Pros And Cons Of Bilateral Contracts
Pros Of Bilateral Contracts:
- Reciprocity: Bilateral contracts create a balanced mutual arrangement, wherein both parties are obligated to fulfil promises and have respective rights and benefits under the contract.
- Legal Protection: Both parties have legal recourse if the other party breaches the contract, providing a sense of security in the agreement.
- Long-term Relationships: These contracts facilitate ongoing arrangements between parties, promoting long-term relationships and stability in various industries and fields.
Cons Of Bilateral Contracts:
- Complexity: Bilateral contracts usually involve more negotiation and communication, making them potentially more complex and time-consuming to create than unilateral contracts.
- Disputes: Disagreements can arise over the interpretation or performance of the contract, sometimes leading to costly legal disputes and disagreement between the parties involved.
Notable Case Laws
Carlill vs. Carbolic Smoke Ball Co. (1893)
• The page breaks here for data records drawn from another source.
(* Let $X$ be a metric space and $A\subset X$. The following are equivalent: (1) the characteristic function $\chi_A$ of $A$ is glacially oscillating; (2) $A$ is coarsely clopen; (3) there is a glacial scale $\mathcal S$ such that every $\mathcal S$-chain starting at a point of $A$ is entirely contained in $A$.
   Context: A function $g:X\to\mathbb R$ is slowly oscillating if for all $r,\epsilon>0$ there is a bounded $K\subset X$ such that $x,y\in X\setminus K$ and $d(x,y)<r$ imply $|g(x)-g(y)|<\epsilon$. A subset $A$ of a metric space $X$ is coarsely clopen if $\chi_A$ is slowly oscillating (i.e. $A$ and $X\setminus A$ are coarsely disjoint). A glacial scale on $X$ is a sequence $\mathcal S=\{(K_i,n_i)\}_{i\ge1}$ of pairs, each $K_i$ a bounded subset of $X$ and $n_i$ a natural number, such that for every bounded $K\subset X$ and every $r>0$ there is $i$ with $K\subset K_i$ and $n_i>r$. An $\mathcal S$-chain is a finite sequence $x_1,\dots,x_n$ in $X$ such that for each $i\le n-1$ there is $m\ge1$ with $x_i,x_{i+1}\notin K_m$ and $d(x_i,x_{i+1})\le n_m$. A function $f:X\to\mathbb R$ is glacially oscillating if for every $\epsilon>0$ there is a glacial scale $\mathcal S$ such that $|f(x_1)-f(x_n)|<\epsilon$ for every $\mathcal S$-chain $x_1,\dots,x_n$. *)

theory Defs
  imports "HOL-Analysis.Analysis"
begin

definition slowly_oscillating :: "('a::metric_space \<Rightarrow> real) \<Rightarrow> bool" where
  "slowly_oscillating g \<longleftrightarrow>
     (\<forall>r>0. \<forall>\<epsilon>>0. \<exists>K. bounded K \<and>
        (\<forall>x y. x \<notin> K \<longrightarrow> y \<notin> K \<longrightarrow> dist x y < r \<longrightarrow> \<bar>g x - g y\<bar> < \<epsilon>))"

definition coarsely_clopen :: "'a::metric_space set \<Rightarrow> bool" where
  "coarsely_clopen A \<longleftrightarrow> slowly_oscillating (indicator A :: 'a \<Rightarrow> real)"

text \<open>A glacial scale: a sequence of pairs (K_i, n_i), indexed by nat (starting at 0
  instead of 1, which is immaterial).\<close>
definition glacial_scale :: "(nat \<Rightarrow> 'a::metric_space set \<times> nat) \<Rightarrow> bool" where
  "glacial_scale S \<longleftrightarrow>
     (\<forall>i. bounded (fst (S i))) \<and>
     (\<forall>K. bounded K \<longrightarrow> (\<forall>r>0::real. \<exists>i. K \<subseteq> fst (S i) \<and> real (snd (S i)) > r))"

definition S_chain :: "(nat \<Rightarrow> 'a::metric_space set \<times> nat) \<Rightarrow> 'a list \<Rightarrow> bool" where
  "S_chain S xs \<longleftrightarrow> xs \<noteq> [] \<and>
     (\<forall>i. Suc i < length xs \<longrightarrow>
        (\<exists>m. xs ! i \<notin> fst (S m) \<and> xs ! Suc i \<notin> fst (S m) \<and>
             dist (xs ! i) (xs ! Suc i) \<le> real (snd (S m))))"

definition glacially_oscillating :: "('a::metric_space \<Rightarrow> real) \<Rightarrow> bool" where
  "glacially_oscillating f \<longleftrightarrow>
     (\<forall>\<epsilon>>0. \<exists>S. glacial_scale S \<and>
        (\<forall>xs. S_chain S xs \<longrightarrow> \<bar>f (hd xs) - f (last xs)\<bar> < \<epsilon>))"

end

theory Submission
  imports Defs
begin

text \<open>All three conditions are equivalent to the existence of a glacial scale whose single
  steps never leave A. From coarse clopenness such a scale is built by taking for K_n a bounded
  set outside of which A is not crossed by jumps of length below n + 1, enlarged by a ball of
  radius n so that the K_n exhaust X. A step-invariant scale makes every chain stay inside or
  outside A, which gives (1) and (3); conversely two-point chains are single steps, and a
  glacially oscillating function is slowly oscillating.\<close>

definition S_step :: "(nat \<Rightarrow> 'a::metric_space set \<times> nat) \<Rightarrow> 'a \<Rightarrow> 'a \<Rightarrow> bool" where
  "S_step S x y \<longleftrightarrow> (\<exists>m. x \<notin> fst (S m) \<and> y \<notin> fst (S m) \<and> dist x y \<le> real (snd (S m)))"

lemma S_step_commute: "S_step S x y \<longleftrightarrow> S_step S y x"
  by (auto simp: S_step_def dist_commute)

lemma S_chain_iff_steps:
  "S_chain S xs \<longleftrightarrow> xs \<noteq> [] \<and> (\<forall>i. Suc i < length xs \<longrightarrow> S_step S (xs ! i) (xs ! Suc i))"
  by (simp add: S_chain_def S_step_def)

lemma S_chain_pair: "S_step S x y \<Longrightarrow> S_chain S [x, y]"
  by (auto simp: S_chain_iff_steps less_Suc_eq)

lemma S_chain_invariant:
  assumes step: "\<And>x y. S_step S x y \<Longrightarrow> P x \<Longrightarrow> P y"
    and chain: "S_chain S xs" and start: "P (hd xs)"
  shows "\<forall>x\<in>set xs. P x"
proof -
  have ne: "xs \<noteq> []" and steps: "\<And>i. Suc i < length xs \<Longrightarrow> S_step S (xs ! i) (xs ! Suc i)"
    using chain by (auto simp: S_chain_iff_steps)
  have "P (xs ! j)" if "j < length xs" for j
    using that
  proof (induction j)
    case 0
    then show ?case using start ne by (simp add: hd_conv_nth)
  next
    case (Suc j)
    then have "P (xs ! j)" by simp
    then show ?case by (rule step[OF steps[OF Suc.prems]])
  qed
  then show ?thesis by (auto simp: in_set_conv_nth)
qed

lemma glacial_scale_large_step:
  assumes "glacial_scale S"
  obtains i where "real (snd (S i)) > r"
proof -
  have "\<forall>r>0. \<exists>i. {} \<subseteq> fst (S i) \<and> real (snd (S i)) > r"
    using assms bounded_empty unfolding glacial_scale_def by blast
  then obtain i where "real (snd (S i)) > max r 1"
    by (meson max.strict_coboundedI2 zero_less_one)
  then have "real (snd (S i)) > r" by simp
  then show ?thesis by (rule that)
qed

lemma glacial_scale_cball_Un:
  assumes "\<And>n. bounded (K n)"
  shows "glacial_scale (\<lambda>n. (cball c (real n) \<union> K n, n))"
  unfolding glacial_scale_def
proof (intro conjI allI impI)
  fix L :: "'a set" and r :: real
  assume "bounded L"
  then obtain R where R: "\<forall>y\<in>L. dist c y \<le> R" using bounded_any_center by blast
  obtain n :: nat where n: "max R r < real n" using reals_Archimedean2 by blast
  have "L \<subseteq> cball c (real n)" using R n by fastforce
  then show "\<exists>n. L \<subseteq> fst (cball c (real n) \<union> K n, n) \<and> real (snd (cball c (real n) \<union> K n, n)) > r"
    using n by auto
qed (use assms in auto)

lemma glacially_oscillating_imp_slowly_oscillating:
  assumes "glacially_oscillating f"
  shows "slowly_oscillating f"
  unfolding slowly_oscillating_def
proof (intro allI impI)
  fix r \<epsilon> :: real
  assume "r > 0" "\<epsilon> > 0"
  then obtain S where S: "glacial_scale S" "\<And>xs. S_chain S xs \<Longrightarrow> \<bar>f (hd xs) - f (last xs)\<bar> < \<epsilon>"
    using assms unfolding glacially_oscillating_def by blast
  obtain i where i: "real (snd (S i)) > r" using glacial_scale_large_step[OF S(1)] .
  have "\<bar>f x - f y\<bar> < \<epsilon>" if "x \<notin> fst (S i)" "y \<notin> fst (S i)" "dist x y < r" for x y
  proof -
    have "S_step S x y" unfolding S_step_def using that i by force
    then show ?thesis using S(2)[OF S_chain_pair] by simp
  qed
  moreover have "bounded (fst (S i))" using S(1) by (simp add: glacial_scale_def)
  ultimately show "\<exists>K. bounded K \<and> (\<forall>x y. x \<notin> K \<longrightarrow> y \<notin> K \<longrightarrow> dist x y < r \<longrightarrow> \<bar>f x - f y\<bar> < \<epsilon>)"
    by blast
qed

lemma slowly_oscillating_imp_small_steps:
  assumes "slowly_oscillating g" "\<epsilon> > 0"
  shows "\<exists>S. glacial_scale S \<and> (\<forall>x y. S_step S x y \<longrightarrow> \<bar>g x - g y\<bar> < \<epsilon>)"
proof -
  have "\<forall>n::nat. \<exists>K. bounded K \<and>
      (\<forall>x y. x \<notin> K \<longrightarrow> y \<notin> K \<longrightarrow> dist x y < real n + 1 \<longrightarrow> \<bar>g x - g y\<bar> < \<epsilon>)"
    using assms unfolding slowly_oscillating_def by simp
  then obtain K where K: "\<And>n. bounded (K n)"
    "\<And>n x y. x \<notin> K n \<Longrightarrow> y \<notin> K n \<Longrightarrow> dist x y < real n + 1 \<Longrightarrow> \<bar>g x - g y\<bar> < \<epsilon>"
    by metis
  define S where "S n = (cball undefined (real n) \<union> K n, n)" for n
  have "glacial_scale S" unfolding S_def using glacial_scale_cball_Un[OF K(1)] .
  moreover have "\<bar>g x - g y\<bar> < \<epsilon>" if "S_step S x y" for x y
    using that K(2) by (force simp: S_step_def S_def)
  ultimately show ?thesis by blast
qed

lemma abs_indicator_diff:
  "\<bar>indicator A x - indicator A y :: real\<bar> = (if x \<in> A \<longleftrightarrow> y \<in> A then 0 else 1)"
  by (simp add: indicator_def)

lemma coarsely_clopen_imp_step_invariant:
  assumes "coarsely_clopen A"
  shows "\<exists>S. glacial_scale S \<and> (\<forall>x y. S_step S x y \<longrightarrow> x \<in> A \<longrightarrow> y \<in> A)"
  using slowly_oscillating_imp_small_steps[of "indicator A" 1] assms
  by (auto simp: coarsely_clopen_def abs_indicator_diff split: if_splits)

lemma step_invariant_imp_glacially_oscillating:
  assumes S: "glacial_scale S" and inv: "\<And>x y. S_step S x y \<Longrightarrow> x \<in> A \<Longrightarrow> y \<in> A"
  shows "glacially_oscillating (indicator A :: 'a::metric_space \<Rightarrow> real)"
  unfolding glacially_oscillating_def
proof (intro allI impI exI conjI)
  fix \<epsilon> :: real and xs
  assume "\<epsilon> > 0" and chain: "S_chain S xs"
  have "\<forall>x\<in>set xs. x \<in> A \<longleftrightarrow> hd xs \<in> A"
    using S_chain_invariant[OF _ chain, of "\<lambda>x. x \<in> A \<longleftrightarrow> hd xs \<in> A"] inv S_step_commute
    by blast
  moreover have "last xs \<in> set xs" using chain by (simp add: S_chain_def)
  ultimately show "\<bar>indicator A (hd xs) - indicator A (last xs)\<bar> < \<epsilon>"
    using \<open>\<epsilon> > 0\<close> by (simp add: abs_indicator_diff)
qed (use S in simp)

theorem proposition3p11:
  fixes A :: "'a::metric_space set"
  shows "(glacially_oscillating (indicator A :: 'a \<Rightarrow> real) \<longleftrightarrow> coarsely_clopen A)
       \<and> (coarsely_clopen A \<longleftrightarrow>
           (\<exists>S. glacial_scale S \<and> (\<forall>xs. S_chain S xs \<longrightarrow> hd xs \<in> A \<longrightarrow> set xs \<subseteq> A)))"
proof -
  let ?inv = "\<lambda>S. glacial_scale S \<and> (\<forall>x y. S_step S x y \<longrightarrow> x \<in> A \<longrightarrow> y \<in> A)"
  have glacial_cc: "glacially_oscillating (indicator A :: 'a \<Rightarrow> real) \<Longrightarrow> coarsely_clopen A"
    by (simp add: coarsely_clopen_def glacially_oscillating_imp_slowly_oscillating)
  have inv_glacial: "?inv S \<Longrightarrow> glacially_oscillating (indicator A :: 'a \<Rightarrow> real)" for S
    using step_invariant_imp_glacially_oscillating by blast
  have inv_chains: "?inv S \<Longrightarrow> S_chain S xs \<Longrightarrow> hd xs \<in> A \<Longrightarrow> set xs \<subseteq> A" for S xs
    using S_chain_invariant[of S "\<lambda>x. x \<in> A"] by blast
  have chains_inv: "(\<forall>xs. S_chain S xs \<longrightarrow> hd xs \<in> A \<longrightarrow> set xs \<subseteq> A) \<Longrightarrow>
      \<forall>x y. S_step S x y \<longrightarrow> x \<in> A \<longrightarrow> y \<in> A" for S
    using S_chain_pair by fastforce
  show ?thesis
  proof (intro conjI iffI)
    assume "coarsely_clopen A"
    then obtain S where "?inv S" using coarsely_clopen_imp_step_invariant by blast
    then show "glacially_oscillating (indicator A :: 'a \<Rightarrow> real)"
      and "\<exists>S. glacial_scale S \<and> (\<forall>xs. S_chain S xs \<longrightarrow> hd xs \<in> A \<longrightarrow> set xs \<subseteq> A)"
      using inv_glacial inv_chains by blast+
  next
    assume "\<exists>S. glacial_scale S \<and> (\<forall>xs. S_chain S xs \<longrightarrow> hd xs \<in> A \<longrightarrow> set xs \<subseteq> A)"
    then obtain S where "?inv S" using chains_inv by blast
    then show "coarsely_clopen A" using inv_glacial glacial_cc by blast
  qed (fact glacial_cc)
qed

end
In this famous case, the Carbolic Smoke Ball Company advertised a smoke ball product claiming it prevented influenza. The company also offered £100 to anyone who used the product and still contracted the flu, thus, creating a unilateral contract. However, the court classified it as a bilateral contract as both parties had reciprocal obligations to each other. Mrs. Carlill, who contracted the flu after using the product, sued the company and won the case.
Stilk vs. Myrick (1809)
This is a foundational case relating to the consideration aspect of a bilateral contract. When two sailors deserted their ship, the captain promised to divide their wages among the remaining sailors if they agreed to sail back to London. However, upon arrival, the captain refused to pay extra wages. The court held that the sailors were not entitled to additional wages, as their initial contractual agreement included completing the journey, which constituted the consideration.